▸ **Instructions to follow**: The response must consist of the lines below from the one with "using aff_dim_affine_independent T" through the one with "T i \<subseteq>", exactly as they appear and with both ends kept.

=== Begin Enclosure ===

definition affine_on :: "'a::real_inner set \<Rightarrow> ('a \<Rightarrow> real) \<Rightarrow> bool" where
  "affine_on S g \<longleftrightarrow> (\<exists>a b. \<forall>w\<in>S. g w = a \<bullet> w + b)"

lemma affine_on_add:
  assumes "affine_on S f" and "affine_on S g"
  shows "affine_on S (f + g)"
proof -
  obtain a b a' b' where "\<forall>w\<in>S. f w = a \<bullet> w + b" "\<forall>w\<in>S. g w = a' \<bullet> w + b'"
    using assms by (auto simp: affine_on_def)
  then show ?thesis
    unfolding affine_on_def by (intro exI[of _ "a + a'"] exI[of _ "b + b'"]) (simp add: inner_add_left)
qed

lemma affine_on_diff:
  assumes "affine_on S f" and "affine_on S g"
  shows "affine_on S (f - g)"
proof -
  obtain a b a' b' where "\<forall>w\<in>S. f w = a \<bullet> w + b" "\<forall>w\<in>S. g w = a' \<bullet> w + b'"
    using assms by (auto simp: affine_on_def)
  then show ?thesis
    unfolding affine_on_def by (intro exI[of _ "a - a'"] exI[of _ "b - b'"]) (simp add: inner_diff_left)
qed

lemma affine_on_scale:
  assumes "affine_on S g"
  shows "affine_on S (fun_scale r g)"
proof -
  obtain a b where "\<forall>w\<in>S. g w = a \<bullet> w + b"
    using assms by (auto simp: affine_on_def)
  then show ?thesis
    unfolding affine_on_def fun_scale_def
    by (intro exI[of _ "r *\<^sub>R a"] exI[of _ "r * b"]) (simp add: algebra_simps)
qed

lemma affine_on_vanishing_on_spanning_subset:
  assumes "affine_on S g" and "T \<subseteq> S" and "affine hull T = affine hull S"
    and "\<And>t. t \<in> T \<Longrightarrow> g t = 0" and "w \<in> S"
  shows "g w = 0"
proof -
  obtain a b where ab: "\<And>w. w \<in> S \<Longrightarrow> g w = a \<bullet> w + b"
    using assms(1) by (auto simp: affine_on_def)
  have "T \<subseteq> {y. a \<bullet> y = - b}"
    using assms(2,4) ab by force
  then have "affine hull S \<subseteq> {y. a \<bullet> y = - b}"
    using assms(3) hull_minimal affine_hyperplane by metis
  then show ?thesis
    using ab assms(5) hull_subset[of S affine] by force
qed

lemma spanning_subset_with_few_points_outside:
  fixes S U :: "'a::euclidean_space set"
  assumes "finite S"
  obtains T where "T \<subseteq> S" "affine hull T = affine hull S"
    "int (card (T - U)) \<le> aff_dim S - aff_dim (S \<inter> U)"
proof -
  obtain T0 where T0: "\<not> affine_dependent T0" "T0 \<subseteq> S \<inter> U" "affine hull T0 = affine hull (S \<inter> U)"
    using extend_to_affine_basis[of "{}" "S \<inter> U"] by auto
  obtain T where T: "\<not> affine_dependent T" "T0 \<subseteq> T" "T \<subseteq> S" "affine hull T = affine hull S"
    using extend_to_affine_basis[of T0 S] T0 by auto
  have "finite T" using T(3) assms finite_subset by blast
  have "card (T - U) \<le> card (T - T0)"
    using T0(2) \<open>finite T\<close> by (intro card_mono) auto
  also have "\<dots> = card T - card T0"
    using T(2) \<open>finite T\<close> by (meson card_Diff_subset finite_subset)
  finally have "int (card (T - U)) \<le> int (card T) - int (card T0)"
    using card_mono[OF \<open>finite T\<close> T(2)] by linarith
  moreover have "int (card T) = aff_dim S + 1" "int (card T0) = aff_dim (S \<inter> U) + 1"
    using aff_dim_affine_independent T T0 aff_dim_affine_hull2 by metis+
  ultimately show ?thesis using that T by simp
qed

lemma affine_on_cells_vanishing:
  fixes P T :: "nat \<Rightarrow> 'a::euclidean_space set"
  assumes "\<And>i. i < m \<Longrightarrow> affine_on (P i) g"
    and "\<And>i. i < m \<Longrightarrow> T i \<subseteq> P i \<and> affine hull (T i) = affine hull (P i)"
    and "\<And>i t. i < m \<Longrightarrow> t \<in> T i - (\<Union>j<i. P j) \<Longrightarrow> g t = 0"
  shows "i < m \<Longrightarrow> w \<in> P i \<Longrightarrow> g w = 0"
proof (induction i arbitrary: w rule: less_induct)
  case (less i)
  have "g t = 0" if "t \<in> T i" for t
    using assms(3)[OF less.prems(1)] less.IH less.prems(1) that by fastforce
  then show ?case
    using affine_on_vanishing_on_spanning_subset assms(1,2) less.prems by metis
qed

=== End Enclosure ===

▸ **Written answer**:
    using aff_dim_affine_independent T T0 aff_dim_affine_hull2 by metis+
  ultimately show ?thesis using that T by simp
qed

lemma affine_on_cells_vanishing:
  fixes P T :: "nat \<Rightarrow> 'a::euclidean_space set"
  assumes "\<And>i. i < m \<Longrightarrow> affine_on (P i) g"
    and "\<And>i. i < m \<Longrightarrow> T i \<subseteq> P i \<and> affine hull (T i) = affine hull (P i)"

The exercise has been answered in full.